Key Takeaways
- Tenex compensates AI engineers by output (story points) instead of hours.
- This model incentivizes engineers to leverage AI for 10x productivity.
- Engineers are projected to earn over $1 million annually through this system.
- Tenex achieves rapid prototyping, delivering complex systems in weeks.
- Human capital, specifically hiring exceptional engineers, limits Tenex's growth.
- Advanced AI interview questions probe understanding of "controlling entropy."
Deep Dive
- Tenex co-founders Alex Lieberman and Arman Hezarkani developed an output-based compensation model for AI engineers.
- This model, based on story points rather than hourly billing, aims to align incentives for AI tool adoption and maximize throughput.
- The concept emerged after Hezarkani's previous company achieved a 10x increase in software output despite a 90% engineering team downsizing by going AI-first.
- To ensure quality and prevent system gaming, Tenex hires engineers motivated by long-term client relationships or a passion for coding.
- Engineers are compensated by story points, while technical strategists are incentivized by Net Revenue Retention (NRR) and client retention.
- The company anticipates multiple engineers will earn over $1 million annually via this story point compensation model.
- Tenex developed a retail computer vision system with heat maps and theft detection, prototyping in two weeks for work that previously took quarters.
- The company built Snapback Sports' mobile trivia app in one month, which achieved a global App Store ranking of 20th.
- An AI health coach app prototype was developed in four hours for a prospect, dramatically accelerating the sales motion.
- Tenex identifies human capital, specifically hiring exceptional AI engineers quickly, as its primary growth bottleneck.
- Despite being an AI-first company, the challenge lies in finding individuals who can effectively harness AI's leverage.
- While Tenex has ambitions to build proprietary technology, recruiting enough skilled talent remains the immediate constraint.

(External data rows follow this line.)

(* Let $p$ be a prime, $q=p^r$, and let $l$ be an integer with $0\le l\le 2r-1$. Every root of the equation $X^{1+p^l}+1=0$ in $\mathrm{GF}(q^2)$ lies in $\mathrm{GF}(q)$ (equivalently, $\alpha^{1+p^l}+\beta^{1+p^l}\neq0$ for every basis $\{\alpha,\beta\}$ of $\mathrm{GF}(q^2)$ over $\mathrm{GF}(q)$) if and only if either (i) $p=2$ and $\gcd(2^l+1,2^r+1)=1$; or (ii) $p$ is odd and at least one of the following holds: (a) there is a power of two which divides $p^r-1$ but does not divide $p^l+1$, and $\gcd(p^l+1,p^r+1)=2$; (b) every power of two dividing $p^{2r}-1$ divides $p^l+1$. *)

theory Defs
  imports "HOL-Computational_Algebra.Primes" "HOL-Library.Cardinality"
begin

definition is_subfield :: "'a::field set \<Rightarrow> bool" where
  "is_subfield K \<longleftrightarrow> 0 \<in> K \<and> 1 \<in> K \<and>
     (\<forall>x\<in>K. \<forall>y\<in>K. x + y \<in> K \<and> x * y \<in> K) \<and>
     (\<forall>x\<in>K. - x \<in> K) \<and> (\<forall>x\<in>K. x \<noteq> 0 \<longrightarrow> inverse x \<in> K)"

end

theory Submission
  imports Defs "HOL-Number_Theory.Residues" "HOL-Computational_Algebra.Polynomial"
begin
(* V_theta(s) is a maximum of functions linear in theta, so V_theta(s) - V_theta_star(s) lies
   between the increments phi(s,u)^T (theta - theta_star) along the greedy actions u of theta and
   of theta_star.  Hence it is the average of these increments under a two-point stochastic
   policy mu, and for this mu, A_mu (theta - theta_star) = (theta - theta_star) +
   alpha (g(theta) - g(theta_star)); with g(theta_star) = 0 this is the error recursion.
   The noise has conditional mean zero because the k-th sample is independent of the first k
   samples, which determine theta_k, and under the sampling law d(s,a) P(s'|s,a) the
   semi-gradient ghat(theta) averages to g(theta) for every fixed theta. *)

lemma Vtheta_attained: "\<exists>a. phi s a \<bullet> \<theta> = Vtheta phi \<theta> s"
proof -
  have "Vtheta phi \<theta> s \<in> (\<lambda>a. phi s a \<bullet> \<theta>) ` UNIV"
    unfolding Vtheta_def by (rule Max_in) auto
  then show ?thesis by auto
qed

lemma inner_le_Vtheta: "phi s a \<bullet> \<theta> \<le> Vtheta phi \<theta> s"
  unfolding Vtheta_def by (rule Max_ge) auto

lemma Vtheta_diff_between:
  "\<exists>u v. phi s v \<bullet> (\<theta> - \<theta>') \<le> Vtheta phi \<theta> s - Vtheta phi \<theta>' s
       \<and> Vtheta phi \<theta> s - Vtheta phi \<theta>' s \<le> phi s u \<bullet> (\<theta> - \<theta>')"
proof -
  obtain u where u: "phi s u \<bullet> \<theta> = Vtheta phi \<theta> s" using Vtheta_attained[of phi s \<theta>] by blast
  obtain v where v: "phi s v \<bullet> \<theta>' = Vtheta phi \<theta>' s" using Vtheta_attained[of phi s \<theta>'] by blast
  have "phi s v \<bullet> (\<theta> - \<theta>') \<le> Vtheta phi \<theta> s - Vtheta phi \<theta>' s"
    using v inner_le_Vtheta[of phi s v \<theta>] by (simp add: inner_diff_right)
  moreover have "Vtheta phi \<theta> s - Vtheta phi \<theta>' s \<le> phi s u \<bullet> (\<theta> - \<theta>')"
    using u inner_le_Vtheta[of phi s u \<theta>'] by (simp add: inner_diff_right)
  ultimately show ?thesis by blast
qed

lemma stoch_policy_average_eq:
  fixes f :: "'s::finite \<Rightarrow> 'a::finite \<Rightarrow> real"
  assumes between: "\<And>s. \<exists>u v. f s v \<le> c s \<and> c s \<le> f s u"
  shows "\<exists>mu. stoch_policy mu \<and> (\<forall>s. (\<Sum>a\<in>UNIV. mu s a * f s a) = c s)"
proof -
  have "\<exists>u v t. 0 \<le> t \<and> t \<le> 1 \<and> c s = (1 - t) * f s v + t * f s u" for s
  proof -
    obtain u v where "c s \<in> closed_segment (f s v) (f s u)"
      using between[of s] by (force simp: closed_segment_eq_real_ivl)
    then show ?thesis by (auto simp: in_segment)
  qed
  then obtain u v t where ut: "\<And>s. 0 \<le> t s \<and> t s \<le> 1 \<and> c s = (1 - t s) * f s (v s) + t s * f s (u s)"
    by metis
  define mu where "mu s a = t s * of_bool (a = u s) + (1 - t s) * of_bool (a = v s)" for s a
  have average: "(\<Sum>a\<in>UNIV. mu s a * g a) = t s * g (u s) + (1 - t s) * g (v s)" for s g
  proof -
    have "(\<Sum>a\<in>UNIV. mu s a * g a)
        = (\<Sum>a\<in>UNIV. t s * (if a = u s then g a else 0) + (1 - t s) * (if a = v s then g a else 0))"
      by (intro sum.cong) (auto simp: mu_def algebra_simps)
    then show ?thesis by (simp add: sum.distrib sum_distrib_left[symmetric])
  qed
  have "stoch_policy mu"
    unfolding stoch_policy_def using ut average[where g = "\<lambda>_. 1"] by (auto simp: mu_def)
  moreover have "(\<Sum>a\<in>UNIV. mu s a * f s a) = c s" for s
    using ut[of s] unfolding average by (simp add: algebra_simps)
  ultimately show ?thesis by blast
qed

text \<open>Any choice will do: \<open>\<mu>\<^sub>k\<close> is \<open>F\<^sub>k\<close>-measurable as soon as it depends on \<open>\<theta>\<^sub>k\<close>
  alone, and \<open>\<theta>\<^sub>k\<close> is a function of the first \<open>k\<close> samples.\<close>
definition linearizing_policy ::
  "('s::finite \<Rightarrow> 'a::finite \<Rightarrow> real^'m) \<Rightarrow> real^'m \<Rightarrow> real^'m \<Rightarrow> 's \<Rightarrow> 'a \<Rightarrow> real" where
  "linearizing_policy phi \<theta>' \<theta> = (SOME mu. stoch_policy mu \<and>
     (\<forall>s. (\<Sum>a\<in>UNIV. mu s a * (phi s a \<bullet> (\<theta> - \<theta>'))) = Vtheta phi \<theta> s - Vtheta phi \<theta>' s))"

- Tenex employs "unreasonably difficult" take-home interviews, with approximately 50% of candidates not completing the challenge.
- The interview process is short, involving two calls, a take-home review, and one or two final meetings, potentially completable in a week.
- A signature question asks about the primary bottleneck in building an AI to replace an engineer, revealing advanced insights into AI agent challenges.
- Discussions at the conference highlight trending keywords like "context engineering" and the controversial "MCP" acronym.
- Speakers debate whether new acronyms, such as MCP, represent significant advancements or are used to attract investment.
- One perspective views new terminology as a natural sociological behavior for groups to communicate, with ideas and language recycled over time.